My favorite story about empirical evidence is about an early meeting of the Royal Society in London, which was allegedly attended by the king, about a bowl of water that at the time assumed it weighed the same with a goldfish as without it. When a balance was brought, the experiment was performed. The bowl was put on the scales, then the fish was added. It is not surprising that the weight of the bowl increased with exactly the weight of the fish.
You can not just walk into a restaurant more, I reflected as I fiddled with my NHS application to get into a familiar fishing spot. I could not help thinking of Yuval Noah Harari’s grim predictions about data that will govern all aspects of our lives.
But there are still traditions in Greece that have been untouched by the technological revolution. I know people who turn their empty coffee cups upside down on a saucer to have their future read by an aunt (the coffee drops leave prints and shapes to be interpreted); and friends of mine will sometimes pay € 50 to go to a fortune teller in a meager part of town to find out if they will get a promotion at work or what will happen to the men they desire.

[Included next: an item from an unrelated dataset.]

(* Let $\mathfrak L=\mathbb V\oplus\mathbb W$ be a color gLt-algebra admitting a quasi-multiplicative basis $\mathfrak B=\{e_i\}_{i\in I}$ of $\mathbb W\neq 0$. For any $i\in I$, the linear subspace $\mathfrak J_{[i]}=\mathbb V_{[i]}\oplus\mathbb W_{[i]}$ is a color gLt-ideal of $\mathfrak L$ admitting a quasi-multiplicative basis inherited by the one of $\mathfrak L$.
   Context: Let $\mathbb F$ be a field, $\mathbb G$ an abelian group, $n\ge 2$, and $\epsilon:\mathbb G\times\mathbb G\to\mathbb F\setminus\{0\}$ a bicharacter ($\epsilon(k,g+h)=\epsilon(k,g)\epsilon(k,h)$, $\epsilon(g+h,k)=\epsilon(g,k)\epsilon(h,k)$, $\epsilon(g,h)\epsilon(h,g)=1$). A graded $n$-ary algebra is a $\mathbb G$-graded vector space $\mathfrak L=\bigoplus_{g\in\mathbb G}\mathfrak L_g$ with an $n$-linear map $\langle\cdot,\dots,\cdot\rangle:\mathfrak L^n\to\mathfrak L$ such that $\langle\mathfrak L_{g_1},\dots,\mathfrak L_{g_n}\rangle\subset\mathfrak L_{g_1+\dots+g_n}$. For $\sigma\in\mathbb S_n$ write $\langle x_1,\dots,x_n\rangle_\sigma:=\langle x_{\sigma(1)},\dots,x_{\sigma(n)}\rangle$; for subsets $A_1,\dots,A_n$, $\langle A_1,\dots,A_n\rangle_\sigma$ denotes the linear span of all $\langle x_1,\dots,x_n\rangle_\sigma$ with $x_r\in A_r$. A color gLt-algebra is a graded $n$-ary algebra satisfying, for each $k=1,\dots,n$ and fixed scalars $\alpha^{\sigma_1,\sigma_2}_{i,j,k}\in\mathbb F$, the color version (each term on the right multiplied by the product of values of $\epsilon$ on the degrees of the homogeneous arguments transposed in passing from the left-hand order to the order of that term) of the identity $\langle y_1,\dots,y_{k-1},\langle x_1,\dots,x_n\rangle,y_k,\dots,y_{n-1}\rangle=\sum_{1\le i,j\le n,\,\sigma_1\in\mathbb S_n,\,\sigma_2\in\mathbb S_{n-1}}\alpha^{\sigma_1,\sigma_2}_{i,j,k}\langle x_{\sigma_1(1)},\dots,x_{\sigma_1(i-1)},\langle y_{\sigma_2(1)},\dots,y_{\sigma_2(j-1)},x_{\sigma_1(i)},y_{\sigma_2(j)},\dots,y_{\sigma_2(n-1)}\rangle,x_{\sigma_1(i+1)},\dots,x_{\sigma_1(n)}\rangle$. A $\mathbb G$-graded subspace $\mathcal I\subset\mathfrak L$ is a color gLt-ideal if $\langle\mathcal I,\mathfrak L,\dots,\mathfrak L\rangle_\sigma\subset\mathcal I$ for every $\sigma\in\mathbb S_n$. $\mathfrak L$ admits a quasi-multiplicative basis if $\mathfrak L=\mathbb V\oplus\mathbb W$ with $\mathbb V$, $\mathbb W\ne0$ graded subspaces and $\mathfrak B=\{e_i\}_{i\in I}$ a basis of homogeneous elements of $\mathbb W$ such that: (1) for $i_1,\dots,i_n\in I$, either $\langle e_{i_1},\dots,e_{i_n}\rangle\in\mathbb Fe_j$ for some $j\in I$ or $\langle e_{i_1},\dots,e_{i_n}\rangle\in\mathbb V$; (2) for $0<k<n$, $i_1,\dots,i_k\in I$ and $\sigma\in\mathbb S_n$, $\langle e_{i_1},\dots,e_{i_k},\mathbb V,\dots,\mathbb V\rangle_\sigma\subset\mathbb Fe_{j_\sigma}$ for some $j_\sigma\in I$; (3) either $\langle\mathbb V,\dots,\mathbb V\rangle\subset\mathbb Fe_j$ for some $j\in I$ or $\langle\mathbb V,\dots,\mathbb V\rangle\subset\mathbb V$. A graded subalgebra (or ideal) $\mathfrak S$ has a quasi-multiplicative basis inherited by the one of $\mathfrak L$ if $\mathfrak S=\mathbb V_{\mathfrak S}\oplus\mathbb W_{\mathfrak S}$ with $\mathbb V_{\mathfrak S}$ a graded subspace of $\mathbb V$ and $0\ne\mathbb W_{\mathfrak S}$ a graded subspace of $\mathbb W$ admitting a subset $\mathfrak B'\subset\mathfrak B$ as a basis. Index maps: let $v$ be a symbol not in $I$, $\mathfrak I:=I\,\dot\cup\,\{v\}$; for each $j\in\mathfrak I$ take a new symbol $\overline j$, $\overline I:=\{\overline i:i\in I\}$, $\overline{\mathfrak I}:=\overline I\,\dot\cup\,\{\overline v\}$; set $\overline{(\overline j)}:=j$, $\overline J:=\{\overline j:j\in J\}$ for a set $J$ of symbols ($\overline\emptyset=\emptyset$). Put $u_j:=e_j$ for $j\in I$ and $u_v:=\mathbb V$. For $\sigma\in\mathbb S_n$ and $(j_1,\dots,j_n)\in\mathfrak I^n$ let $a_\sigma(j_1,\dots,j_n)=\{r\}$ if $r\in I$ and $0\ne\langle u_{j_1},\dots,u_{j_n}\rangle_\sigma\subset\mathbb Fe_r$, $=\{v\}$ if $0\ne\langle u_{j_1},\dots,u_{j_n}\rangle_\sigma\subset\mathbb V$, and $=\emptyset$ otherwise. For $j,j_2,\dots,j_n\in\mathfrak I$ let $b_\sigma(j,\overline j_2,\dots,\overline j_n):=\{x\in\mathfrak I: a_\sigma(x,j_2,\dots,j_n)=\{j\}\}$. Define $\mu$ on $(\mathfrak I\,\dot\cup\,\overline{\mathfrak I})\times(\mathfrak I^{n-1}\,\dot\cup\,\overline{\mathfrak I}^{n-1})$ with values subsets of $\mathfrak I$ by: $\mu(j,j_1,\dots,j_{n-1})=\bigcup_{\sigma\in\mathbb S_n}a_\sigma(j,j_1,\dots,j_{n-1})$ for $j,j_1,\dots,j_{n-1}\in\mathfrak I$; $\mu(j,\overline j_1,\dots,\overline j_{n-1})=\bigcup_{\sigma\in\mathbb S_n}b_\sigma(j,\overline j_1,\dots,\overline j_{n-1})$ for $j,j_1,\dots,j_{n-1}\in\mathfrak I$; $\mu(\overline j,j_1,\dots,j_{n-1})=\bigcup_{1\le k\le n-1,\ \sigma\in\mathbb S_n}b_\sigma(j_k,\overline j,\overline j_1,\dots,\overline j_{k-1},\overline j_{k+1},\dots,\overline j_{n-1})$ for $j,j_1,\dots,j_{n-1}\in\mathfrak I$; and $\mu(\overline j,\overline j_1,\dots,\overline j_{n-1})=\emptyset$. Define $\phi$ on pairs $(J,X)$ with $J\subset I\,\dot\cup\,\overline I$ and $X\in\mathfrak I^{n-1}\,\dot\cup\,\overline{\mathfrak I}^{n-1}$ by $\phi(\emptyset,X)=\emptyset$ and, for $J\ne\emptyset$, $\phi(J,X):=K\cup\overline K$ where $K:=\big(\bigcup_{j\in J}\mu(j,X)\big)\setminus\{v\}$. Connections: for distinct $i,j\in I$, $i$ is connected to $j$ if there exist $t\ge1$, $X_1,\dots,X_t\in\mathfrak I^{n-1}\,\dot\cup\,\overline{\mathfrak I}^{n-1}$ and $\widetilde i\in\{i,\overline i\}$ such that $\phi(\{\widetilde i\},X_1)\ne\emptyset$, …, $\phi(\cdots\phi(\{\widetilde i\},X_1)\cdots,X_{t-1})\ne\emptyset$, and $j\in\phi(\cdots\phi(\phi(\{\widetilde i\},X_1),X_2)\cdots,X_t)$; every $i$ is connected to itself. Being connected is an equivalence relation $\sim$ on $I$; $[i]$ denotes the class of $i$. Define $\mathbb V_{[i]}:=\big(\sum_{i_1,\dots,i_n\in[i]}\mathbb F\langle e_{i_1},\dots,e_{i_n}\rangle\big)\cap\mathbb V$, $\mathbb W_{[i]}:=\bigoplus_{j\in[i]}\mathbb Fe_j$, and $\mathfrak J_{[i]}:=\mathbb V_{[i]}\oplus\mathbb W_{[i]}$. *)

theory Defs
  imports Complex_Main "HOL-Combinatorics.Permutations"
begin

And on January 1, a cake dedicated to St Basil is cut and distributed among all the members of each family to see who will win the mascot, usually a € 2 coin (10 drachmas before 2001) wrapped in tin foil and in ‘ a slot is placed at the bottom of the cake so that it is not visible. Whoever finds it in their piece is the indicated recipient of happiness for the year ahead.
On New Year’s Eve I had dinner with friends at one of the oldest Athenian restaurants, where I once held my wedding party. We were six of us at a round table, the maximum number allowed by government regulations. My friend complained that her nostrils were sore from excessive testing. Her 22-year-old daughter was ready to go to an illegal gathering.
Before she left, she took out her phone to show me an invitation to a disrespectful party called “Positive Vibes”, which you could only attend with a positive PCR test taken within the last 24 hours. The location was unknown and there was a complicated process to go through to find out the address, as the fine for private parties starts at € 50,000. Not to mention that anyone has to isolate themselves with Covid himself.
Between corridors and bottles of red wine was the conversation about the trials of two women, Ghislaine Maxwell and Elizabeth Holmes. I just looked again 12 Angry men (1957), probably the best film screening of the part of the U.S. Constitution that promises defendants a fair trial and the presumption of innocence. If the world is divided into facts and non-facts, this is a film about the importance of reasonable doubt.
With dessert, an email pinged on my phone. It was a lab notice that the PCR test I took that morning proved that I did not have Covid-19. That meant I could fly home to London. I could not check in unless I uploaded a negative PCR test result and a passenger tracking form, and I could not upload the latter unless I had a confirmation number for a prepaid Day 2 test to be taken on arrival . The world as we know it is gone.
“Stay negative” was the text that circulated when the new year was about to begin. No music was allowed in the restaurant, as part of the current measures, but everyone roasted until the end of the pandemic, that life resumed at full speed. A few minutes after midnight, my son called to say that in his grandmother’s house, the cake had just been cut and the coin had been found in my cut. This is apparently my year.